Synonyms for vulnerable are susceptible, weak, defenceless, helpless, exposed. Doesn’t sound very flattering does it?

Women are strong, but we are vulnerable.

We are physically weaker, which is why physical assaults on women by men are far more common than physical assaults on men by women.

We are financially vulnerable. Post-divorce, it is more common to see a woman in a precarious financial position than a man.

We are environmentally vulnerable. Women who have to leave a violent domestic situation, especially with children accompanying them, must find new accommodation and the means to support both themselves and their families.

We are vulnerable in wartime, as the use of women as bargaining tools (for example, the kidnapping of schoolgirls in Nigeria).

This is the reality of life for the majority of women around the world. But we survive and thrive despite that.

But vulnerability also means that we have an innate authenticity. This authenticity can be covered over, and it can be squashed by family and societal pressures. But it is there. It bubbles away under the surface waiting for the time when we can freely express who we are.

Vulnerability is also incredibly powerful, as the amazing Brené Brown expounds on in so much of her work. She says that “vulnerability is…the birthplace of joy, belonging, creativity, authenticity, and love” and she promises that “when we dare to drop the armour that protects us from feeling vulnerable, we open ourselves to the experiences that bring purpose and meaning to our lives”.

Vulnerability allows us to be real.

I am celebrating the authentic vulnerability that is part of being a woman.


Several years ago, I was in a new relationship. This was my first relationship post-divorce – it was four years after leaving that I even ventured back into dating. My new ‘significant other’ was quite a bit older than me. Wonderfully, I felt like I learnt more about being in a healthy relationship with this man, in a very short space of time, than I did in the 28 years I had been married.

However, that doesn’t mean the relationship was without its difficulties. One of these was my new partner’s tendency to depression and his subsequent withdrawal at those times, often without warning or notice. He would just stop answering my phone calls, or he would call quits on the relationship. And I took the responsibility for this on board, as if this was something I could ‘fix’.

My thinking went something like this: He says I’m beautiful, but if I’m so beautiful why does he withdraw form me? There really must be something wrong with me, otherwise he wouldn’t; withdraw. Flawed thinking, right? On lots of levels!

I’m a spiritual person, and I took some time one morning during one of these episodes to just sit with how I was feeling, and to allow my mind to spill out all its garbage.

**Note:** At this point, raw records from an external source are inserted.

(* Let $K$ be a field of characteristic $p>0$. Then $\{\partial^{[\alpha]}\mid\alpha\in\mathbb{N}^n\}$ is the only iterative $(-\mathrm{ad}(x_1),\ldots,-\mathrm{ad}(x_n))$-descent in $\mathcal{D}(P_n)$ indexed by $\mathbb{N}^n$.
   Context: $P_n=K[x_1,\ldots,x_n]$, $\partial_i^{[k]}=\partial_i^k/k!$ acting on $P_n$ by $\partial_i^{[k]}(x^m)=\binom{m_i}{k}x^{m-ke_i}$, $\partial^{[\alpha]}=\prod_i\partial_i^{[\alpha_i]}$; $\mathcal{D}(P_n)=\bigoplus_\alpha P_n\partial^{[\alpha]}\subseteq\mathrm{End}_K(P_n)$ is the ring of differential operators; $\mathrm{ad}(a)(b)=ab-ba$. For commuting derivations $\delta=(\delta_1,\ldots,\delta_n)$ of a ring $A$, a family $\{y^{[\alpha]}\mid\alpha\in\mathbb{N}^n\}$ is an iterative $\delta$-descent if $y^{[0]}=1$, $y^{[\alpha]}y^{[\beta]}=\binom{\alpha+\beta}{\beta}y^{[\alpha+\beta]}$ (multi-binomial coefficient $\prod_i\binom{\alpha_i+\beta_i}{\beta_i}$ taken in $\mathbb{F}_p$) and $\delta_1^{\alpha_1}\cdots\delta_n^{\alpha_n}(y^{[\beta]})=y^{[\beta-\alpha]}$ for all $\alpha,\beta\in\mathbb{N}^n$, with $y^{[\gamma]}=0$ for $\gamma\notin\mathbb{N}^n$. *)

theory Defs
  imports Main "HOL-Library.Poly_Mapping"
begin

text \<open>Monomials/multi-indices in the variables indexed by the finite type 'n
  (so n = CARD('n)) are finitely supported maps from 'n to nat;
  P_n = K[x_1,...,x_n] is the ring of finitely supported maps from monomials to K.\<close>

type_synonym ('n, 'k) pn = "('n \<Rightarrow>\<^sub>0 nat) \<Rightarrow>\<^sub>0 'k"

type_synonym ('n, 'k) op = "('n, 'k) pn \<Rightarrow> ('n, 'k) pn"

definition var :: "'n \<Rightarrow> ('n, 'k::field) pn" where
  "var i = Poly_Mapping.single (Poly_Mapping.single i 1) 1"

definition mle :: "('n \<Rightarrow>\<^sub>0 nat) \<Rightarrow> ('n \<Rightarrow>\<^sub>0 nat) \<Rightarrow> bool" where
  "mle a b \<longleftrightarrow> (\<forall>i. Poly_Mapping.lookup a i \<le> Poly_Mapping.lookup b i)"

definition mbinom :: "('n::finite \<Rightarrow>\<^sub>0 nat) \<Rightarrow> ('n \<Rightarrow>\<^sub>0 nat) \<Rightarrow> nat" where
  "mbinom a b = (\<Prod>i\<in>UNIV. Poly_Mapping.lookup a i choose Poly_Mapping.lookup b i)"

definition dpow :: "('n::finite \<Rightarrow>\<^sub>0 nat) \<Rightarrow> ('n, 'k::field) op" where
  "dpow \<alpha> f = (\<Sum>m\<in>Poly_Mapping.keys f.
      if mle \<alpha> m then Poly_Mapping.single (m - \<alpha>) (of_nat (mbinom m \<alpha>) * Poly_Mapping.lookup f m) else 0)"

definition Dops :: "('n::finite, 'k::field) op set" where
  "Dops = {T. \<exists>S c. finite S \<and> T = (\<lambda>f. \<Sum>\<alpha>\<in>S. c \<alpha> * dpow \<alpha> f)}"

definition mad :: "'n \<Rightarrow> ('n, 'k::field) op \<Rightarrow> ('n, 'k) op" where
  "mad i b = (\<lambda>f. b (var i * f) - var i * b f)"

text \<open>delta^alpha = delta_1^alpha_1 o ... o delta_n^alpha_n, the product taken along a fixed
  enumeration of the (finite) index type.\<close>
definition var_list :: "'n::finite list" where
  "var_list = (SOME xs. distinct xs \<and> set xs = UNIV)"

definition mad_pow :: "('n::finite \<Rightarrow>\<^sub>0 nat) \<Rightarrow> ('n, 'k::field) op \<Rightarrow> ('n, 'k) op" where
  "mad_pow \<alpha> = foldr (\<lambda>i g. (mad i ^^ Poly_Mapping.lookup \<alpha> i) \<circ> g) var_list id"

text \<open>y^[beta - alpha], with the convention y^[gamma] = 0 for gamma not in N^n.\<close>
definition yshift :: "(('n \<Rightarrow>\<^sub>0 nat) \<Rightarrow> ('n, 'k::field) op) \<Rightarrow> ('n \<Rightarrow>\<^sub>0 nat) \<Rightarrow> ('n \<Rightarrow>\<^sub>0 nat) \<Rightarrow> ('n, 'k) op" where
  "yshift y \<beta> \<alpha> = (if mle \<alpha> \<beta> then y (\<beta> - \<alpha>) else (\<lambda>f. 0))"

definition iter_descent :: "(('n::finite \<Rightarrow>\<^sub>0 nat) \<Rightarrow> ('n, 'k::field) op) \<Rightarrow> bool" where
  "iter_descent y \<longleftrightarrow>
     (\<forall>\<alpha>. y \<alpha> \<in> Dops) \<and>
     y 0 = id \<and>
     (\<forall>\<alpha> \<beta>. y \<alpha> \<circ> y \<beta> = (\<lambda>f. of_nat (mbinom (\<alpha> + \<beta>) \<beta>) * y (\<alpha> + \<beta>) f)) \<and>
     (\<forall>\<alpha> \<beta>. mad_pow \<alpha> (y \<beta>) = yshift y \<beta> \<alpha>)"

I then heard a voice – God (my faith view), the universe, my inner self, guardian angel but definitely a voice other than my own. The message was that the speaker was taking my old image of myself as not being beautiful and throwing it on the garbage heap, like a worn-out rag doll. The picture is so clear in my mind to this day.

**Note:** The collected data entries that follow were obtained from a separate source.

(* Let $0\le t_d\le t_f$ be integers, let $f:\mathbb{F}_q^k\to\{0,1,\dots,k\}$ be the Hamming weight function $f(u)=\mathrm{wt}(u)$, and suppose there exists a systematic $[n,k,2t_d+1]$ linear code over $\mathbb{F}_q$. Then $$r_f(k,t_d,t_f)\le n-k+N(2t_f+1,2(t_f-t_d)).$$
   Context: $d(\cdot,\cdot)$ is Hamming distance and $\mathrm{wt}$ the number of nonzero entries. $N(\lambda,d)$ is the minimum length of a $q$-ary code with $\lambda$ codewords and minimum distance at least $d$ (with $N(\lambda,0)=0$). An $(f,t_d,t_f)$-FCC with redundancy $r$ is a systematic encoding $u\mapsto(u,p_u)\in\mathbb{F}_q^{k+r}$ whose images are at distance $\ge 2t_d+1$ for distinct messages and $\ge 2t_f+1$ for messages with different $f$-values; $r_f(k,t_d,t_f)$ is the minimum such $r$. *)

theory Defs
  imports Main
begin

text \<open>Vectors in F_q^n are lists of length n over a finite field 'a.\<close>

definition hdist :: "'a list \<Rightarrow> 'a list \<Rightarrow> nat" where
  "hdist x y = card {i. i < length x \<and> x ! i \<noteq> y ! i}"

definition wt :: "'a::zero list \<Rightarrow> nat" where
  "wt u = card {i. i < length u \<and> u ! i \<noteq> 0}"

definition N_code :: "'a itself \<Rightarrow> nat \<Rightarrow> nat \<Rightarrow> nat" where
  "N_code _ lam d = (if d = 0 then 0 else
     (LEAST n. \<exists>c :: nat \<Rightarrow> 'a list.
        (\<forall>i<lam. length (c i) = n) \<and>
        (\<forall>i<lam. \<forall>j<lam. i \<noteq> j \<longrightarrow> d \<le> hdist (c i) (c j))))"

definition is_FCC :: "('a list \<Rightarrow> 'b) \<Rightarrow> nat \<Rightarrow> nat \<Rightarrow> nat \<Rightarrow> nat \<Rightarrow> ('a list \<Rightarrow> 'a list) \<Rightarrow> bool" where
  "is_FCC f k td tf r p \<longleftrightarrow>
     (\<forall>u. length u = k \<longrightarrow> length (p u) = r) \<and>
     (\<forall>u v. length u = k \<longrightarrow> length v = k \<longrightarrow> u \<noteq> v \<longrightarrow>
        2 * td + 1 \<le> hdist (u @ p u) (v @ p v)) \<and>
     (\<forall>u v. length u = k \<longrightarrow> length v = k \<longrightarrow> f u \<noteq> f v \<longrightarrow>
        2 * tf + 1 \<le> hdist (u @ p u) (v @ p v))"

definition r_f :: "('a list \<Rightarrow> 'b) \<Rightarrow> nat \<Rightarrow> nat \<Rightarrow> nat \<Rightarrow> nat" where
  "r_f f k td tf = (LEAST r. \<exists>p. is_FCC f k td tf r p)"

text \<open>Systematic linear encoder with generator matrix [I_k | P], P a k x (n-k) matrix.\<close>
definition sys_enc :: "(nat \<Rightarrow> nat \<Rightarrow> 'a::comm_semiring_1) \<Rightarrow> nat \<Rightarrow> nat \<Rightarrow> 'a list \<Rightarrow> 'a list" where
  "sys_enc P k n u = u @ map (\<lambda>j. \<Sum>i<k. u ! i * P i j) [0..<n - k]"

end

theory Submission
  imports Defs
begin

text \<open>Append to the systematic codeword of u a codeword of an auxiliary code with 2 t_f + 1 words,
  indexed by wt u mod (2 t_f + 1). Since the weights of two words differ by at most their distance,
  messages of different weight with the same residue are already 2 t_f + 1 apart; messages with
  different residues gain 2 (t_f - t_d) from the auxiliary code on top of the 2 t_d + 1 of the linear code.\<close>

lemma hdist_commute: "length u = length v \<Longrightarrow> hdist u v = hdist v u"
  unfolding hdist_def by metis

lemma hdist_append:
  assumes "length xs = length xs'"
  shows "hdist (xs @ ys) (xs' @ ys') = hdist xs xs' + hdist ys ys'"
proof -
  let ?A = "{i. i < length xs \<and> xs ! i \<noteq> xs' ! i}"
  let ?B = "{i. i < length ys \<and> ys ! i \<noteq> ys' ! i}"
  have "{i. i < length (xs @ ys) \<and> (xs @ ys) ! i \<noteq> (xs' @ ys') ! i}
      = ?A \<union> (\<lambda>i. i + length xs) ` ?B"
  proof (rule set_eqI)
    fix i
    show "i \<in> {i. i < length (xs @ ys) \<and> (xs @ ys) ! i \<noteq> (xs' @ ys') ! i}
        \<longleftrightarrow> i \<in> ?A \<union> (\<lambda>i. i + length xs) ` ?B"
      using assms by (cases "i < length xs") (auto simp: nth_append image_iff intro: exI[of _ "i - length xs"])
  qed
  moreover have "card (?A \<union> (\<lambda>i. i + length xs) ` ?B) = card ?A + card ((\<lambda>i. i + length xs) ` ?B)"
    by (rule card_Un_disjoint) auto
  moreover have "card ((\<lambda>i. i + length xs) ` ?B) = card ?B"
    by (rule card_image) (auto simp: inj_on_def)
  ultimately show ?thesis
    unfolding hdist_def by simp
qed

lemma hdist_le_hdist_append:
  "length u = length v \<Longrightarrow> hdist u v \<le> hdist (u @ x) (v @ y)"
  by (simp add: hdist_append)

lemma wt_le_wt_add_hdist:
  fixes u v :: "'a::zero list"
  assumes "length u = length v"
  shows "wt u \<le> wt v + hdist u v"
proof -
  have "{i. i < length u \<and> u ! i \<noteq> 0}
      \<subseteq> {i. i < length v \<and> v ! i \<noteq> 0} \<union> {i. i < length u \<and> u ! i \<noteq> v ! i}"
    using assms by auto
  hence "wt u \<le> card ({i. i < length v \<and> v ! i \<noteq> 0} \<union> {i. i < length u \<and> u ! i \<noteq> v ! i})"
    unfolding wt_def by (intro card_mono) auto
  also have "\<dots> \<le> wt v + hdist u v"
    unfolding wt_def hdist_def by (rule card_Un_le)
  finally show ?thesis .
qed

lemma mod_eq_less_imp_le_diff:
  fixes a b M :: nat
  assumes "a mod M = b mod M" and "a < b"
  shows "M \<le> b - a"
proof -
  have "M dvd b - a"
    using assms by (metis less_or_eq_imp_le mod_eq_dvd_iff_nat)
  thus ?thesis
    using assms(2) by (intro dvd_imp_le) auto
qed

lemma wt_mod_eq_imp_le_hdist:
  fixes u v :: "'a::zero list"
  assumes "length u = length v" and "wt u \<noteq> wt v" and "wt u mod M = wt v mod M"
  shows "M \<le> hdist u v"
  using assms mod_eq_less_imp_le_diff[of "wt u" M "wt v"] mod_eq_less_imp_le_diff[of "wt v" M "wt u"]
    wt_le_wt_add_hdist[of u v] wt_le_wt_add_hdist[of v u] hdist_commute[of u v]
  by (cases "wt u < wt v") auto

lemma exists_code_min_dist:
  "\<exists>L. \<exists>c :: nat \<Rightarrow> 'a::zero_neq_one list.
     (\<forall>i<lam. length (c i) = L) \<and> (\<forall>i<lam. \<forall>j<lam. i \<noteq> j \<longrightarrow> d \<le> hdist (c i) (c j))"
proof -
  define c :: "nat \<Rightarrow> 'a list" where
    "c i = map (\<lambda>l. if l div d = i then 1 else 0) [0..<lam * d]" for i
  have "d \<le> hdist (c i) (c j)" if "i < lam" "i \<noteq> j" for i j
  proof -
    have "{i * d..<i * d + d} \<subseteq> {l. l < length (c i) \<and> c i ! l \<noteq> c j ! l}"
    proof
      fix l assume l: "l \<in> {i * d..<i * d + d}"
      hence "l div d = i"
        by (intro div_nat_eqI) (auto simp: algebra_simps)
      moreover have "i * d + d \<le> lam * d"
        using \<open>i < lam\<close> by (metis Suc_leI mult_Suc mult_le_mono1 add.commute)
      ultimately show "l \<in> {l. l < length (c i) \<and> c i ! l \<noteq> c j ! l}"
        using l \<open>i \<noteq> j\<close> by (auto simp: c_def)
    qed
    hence "card {i * d..<i * d + d} \<le> hdist (c i) (c j)"
      unfolding hdist_def by (rule card_mono[rotated]) auto
    thus ?thesis by simp
  qed
  thus ?thesis
    by (intro exI[of _ "lam * d"] exI[of _ c]) (simp add: c_def)
qed

lemma N_code_attained:
  "\<exists>c :: nat \<Rightarrow> 'a::zero_neq_one list.
     (\<forall>i<lam. length (c i) = N_code TYPE('a) lam d) \<and>
     (\<forall>i<lam. \<forall>j<lam. i \<noteq> j \<longrightarrow> d \<le> hdist (c i) (c j))"
proof (cases "d = 0")
  case True
  thus ?thesis by (intro exI[of _ "\<lambda>_. []"]) (simp add: N_code_def)
next
  case False
  thus ?thesis
    using LeastI_ex[OF exists_code_min_dist[where 'a='a and lam=lam and d=d]]
    by (simp add: N_code_def)
qed

lemma r_f_le: "is_FCC f k td tf r p \<Longrightarrow> r_f f k td tf \<le> r"
  unfolding r_f_def by (rule Least_le) blast

lemma is_FCC_wt_append_code:
  fixes par :: "'a::zero list \<Rightarrow> 'a list" and c :: "nat \<Rightarrow> 'a list"
  assumes "td \<le> tf"
    and par_len: "\<And>u. length u = k \<Longrightarrow> length (par u) = r"
    and par_dist: "\<And>u v. length u = k \<Longrightarrow> length v = k \<Longrightarrow> u \<noteq> v \<Longrightarrow>
                     2 * td + 1 \<le> hdist (u @ par u) (v @ par v)"
    and c_len: "\<And>i. i < 2 * tf + 1 \<Longrightarrow> length (c i) = m"
    and c_dist: "\<And>i j. i < 2 * tf + 1 \<Longrightarrow> j < 2 * tf + 1 \<Longrightarrow> i \<noteq> j \<Longrightarrow>
                   2 * (tf - td) \<le> hdist (c i) (c j)"
  shows "is_FCC wt k td tf (r + m) (\<lambda>u. par u @ c (wt u mod (2 * tf + 1)))"
proof -
  let ?M = "2 * tf + 1"
  have split: "hdist (u @ par u @ c (wt u mod ?M)) (v @ par v @ c (wt v mod ?M))
      = hdist (u @ par u) (v @ par v) + hdist (c (wt u mod ?M)) (c (wt v mod ?M))"
    if "length u = k" "length v = k" for u v
    using hdist_append[of "u @ par u" "v @ par v"] that by (simp add: par_len)
  show ?thesis
    unfolding is_FCC_def
  proof (intro conjI allI impI)
    fix u :: "'a list" assume "length u = k"
    thus "length (par u @ c (wt u mod ?M)) = r + m" by (simp add: par_len c_len)
  next
    fix u v :: "'a list" assume uv: "length u = k" "length v = k" "u \<noteq> v"
    thus "2 * td + 1 \<le> hdist (u @ par u @ c (wt u mod ?M)) (v @ par v @ c (wt v mod ?M))"
      using par_dist[OF uv] split[OF uv(1,2)] by linarith
  next
    fix u v :: "'a list" assume uv: "length u = k" "length v = k" "wt u \<noteq> wt v"
    show "2 * tf + 1 \<le> hdist (u @ par u @ c (wt u mod ?M)) (v @ par v @ c (wt v mod ?M))"
    proof (cases "wt u mod ?M = wt v mod ?M")
      case True
      hence "?M \<le> hdist u v" using uv by (intro wt_mod_eq_imp_le_hdist) auto
      also have "\<dots> \<le> hdist (u @ par u @ c (wt u mod ?M)) (v @ par v @ c (wt v mod ?M))"
        using uv by (intro hdist_le_hdist_append) simp
      finally show ?thesis .
    next
      case False
      have "2 * td + 1 \<le> hdist (u @ par u) (v @ par v)"
        using uv by (intro par_dist) auto
      moreover have "2 * (tf - td) \<le> hdist (c (wt u mod ?M)) (c (wt v mod ?M))"
        using False by (intro c_dist) auto
      ultimately show ?thesis
        using split[OF uv(1,2)] \<open>td \<le> tf\<close> by linarith
    qed
  qed
qed

theorem lemma9:
  fixes td tf k n :: nat and P :: "nat \<Rightarrow> nat \<Rightarrow> 'a::{finite, field}"
  assumes "td \<le> tf"
    and "k \<le> n"
    and "\<forall>u v. length u = k \<longrightarrow> length v = k \<longrightarrow> u \<noteq> v \<longrightarrow>
           2 * td + 1 \<le> hdist (sys_enc P k n u) (sys_enc P k n v)"
  shows "r_f (wt :: 'a list \<Rightarrow> nat) k td tf \<le> n - k + N_code TYPE('a) (2 * tf + 1) (2 * (tf - td))"
proof -
  define par where "par u = map (\<lambda>j. \<Sum>i<k. u ! i * P i j) [0..<n - k]" for u :: "'a list"
  have sys_enc_eq: "sys_enc P k n u = u @ par u" for u
    by (simp add: sys_enc_def par_def)
  have par_dist: "2 * td + 1 \<le> hdist (u @ par u) (v @ par v)"
    if "length u = k" "length v = k" "u \<noteq> v" for u v
    using assms(3) that by (simp add: sys_enc_eq)
  obtain c :: "nat \<Rightarrow> 'a list"
    where "\<forall>i<2 * tf + 1. length (c i) = N_code TYPE('a) (2 * tf + 1) (2 * (tf - td))"
      and "\<forall>i<2 * tf + 1. \<forall>j<2 * tf + 1. i \<noteq> j \<longrightarrow> 2 * (tf - td) \<le> hdist (c i) (c j)"
    using N_code_attained by blast
  with \<open>td \<le> tf\<close> par_dist have "is_FCC wt k td tf (n - k + N_code TYPE('a) (2 * tf + 1) (2 * (tf - td)))
      (\<lambda>u. par u @ c (wt u mod (2 * tf + 1)))"
    by (intro is_FCC_wt_append_code) (auto simp: par_def)
  thus ?thesis by (rule r_f_le)
qed

end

My concept of myself as not being beautiful was challenged.

Growing up as a girl wearing glasses, I didn’t believe I was beautiful. After all, “Boys don’t make passes at girls who wear glasses!”. And ‘four-eyes’ and ‘goggles’ were common nicknames. My first boyfriend, who was six years older than me, once asked me, “Has any every told you you’re beautiful?” and when I responded with “No”, he replied, “Then I won’t either” and just laughed.

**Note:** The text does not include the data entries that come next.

(* Let $d=5$, let $0<\epsilon<\frac35$, and define $\mu(X)=w(|X|)$ for $X\in Q_5$, where $w(0)=\frac1{16}(1-\epsilon)+\frac38\epsilon$, $w(2)=\frac1{16}(1-\epsilon)$, $w(4)=\frac1{16}(1-\epsilon)+\frac18\epsilon$, and $w(1)=w(3)=w(5)=0$. Then $\mu$ is a probability distribution with $w_i^0=\frac12$ for all $i\in[5]$, and $\mu$ has no equilibrium: for every $X\in Q_5$ there is $Y\in Q_5$ with $P_1(X,Y)<\frac12$.
   Context: $Q_d=\{0,1\}^d$ with the Hamming distance $d(X,Y)=|\{i: x_i\neq y_i\}|$; $|X|$ is the number of coordinates equal to $1$. For a probability distribution $\mu$ on $Q_d$ (extended additively to subsets), and $A,B\in Q_d$, let $V(A,B)=\{Z: d(Z,A)<d(Z,B)\}$, $T(A,B)=\{Z: d(Z,A)=d(Z,B)\}$, $P_1(A,B)=\mu(V(A,B))+\frac12\mu(T(A,B))$, $P_2(A,B)=\mu(V(B,A))+\frac12\mu(T(A,B))$. $(A,B)$ is an equilibrium if $P_1(A,B)\ge P_1(A',B)$ for all $A'$ and $P_2(A,B)\ge P_2(A,B')$ for all $B'$. $w_i^0=\mu(\{Z: z_i=0\})$. *)

theory Defs
  imports Complex_Main
begin
text \<open>Points of Q_d are boolean lists of length d (True = coordinate 1),
coordinate i of the paper corresponds to list index i-1.\<close>

definition cube :: "nat \<Rightarrow> bool list set" where
  "cube d = {xs. length xs = d}"

definition hamming :: "bool list \<Rightarrow> bool list \<Rightarrow> nat" where
  "hamming X Y = card {i. i < length X \<and> X ! i \<noteq> Y ! i}"

definition weight :: "bool list \<Rightarrow> nat" where
  "weight X = card {i. i < length X \<and> X ! i}"

definition meas :: "(bool list \<Rightarrow> real) \<Rightarrow> bool list set \<Rightarrow> real" where
  "meas mu S = (\<Sum>Z\<in>S. mu Z)"

definition is_prob_dist :: "nat \<Rightarrow> (bool list \<Rightarrow> real) \<Rightarrow> bool" where
  "is_prob_dist d mu \<longleftrightarrow> (\<forall>Z\<in>cube d. mu Z \<ge> 0) \<and> meas mu (cube d) = 1"

definition Vor :: "nat \<Rightarrow> bool list \<Rightarrow> bool list \<Rightarrow> bool list set" where
  "Vor d A B = {Z \<in> cube d. hamming Z A < hamming Z B}"

definition Tie :: "nat \<Rightarrow> bool list \<Rightarrow> bool list \<Rightarrow> bool list set" where
  "Tie d A B = {Z \<in> cube d. hamming Z A = hamming Z B}"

Of course, I wasn’t beautiful!

But…in the next few weeks, as I consciously embraced the idea that I really was beautiful, I was told more than once that I have a beautiful face. And even when I went to have an ultrasound of my abdomen, the radiographer said I had a beautiful pancreas! What is that? A reinforcement that I am beautiful inside and out!

I am celebrating my beauty, your beauty, our beauty.

Celebrating strong, vulnerable and beautiful

How do you see yourself?

Do you acknowledge your strength? How does that show itself in your life?

Do you celebrate your authentic vulnerability? Or have you tried to hide it under bravado and toughness?

Do you truly know that you are beautiful, regardless of your physical attributes?

Remember to celebrate who you are…all of you! I am celebrating with you.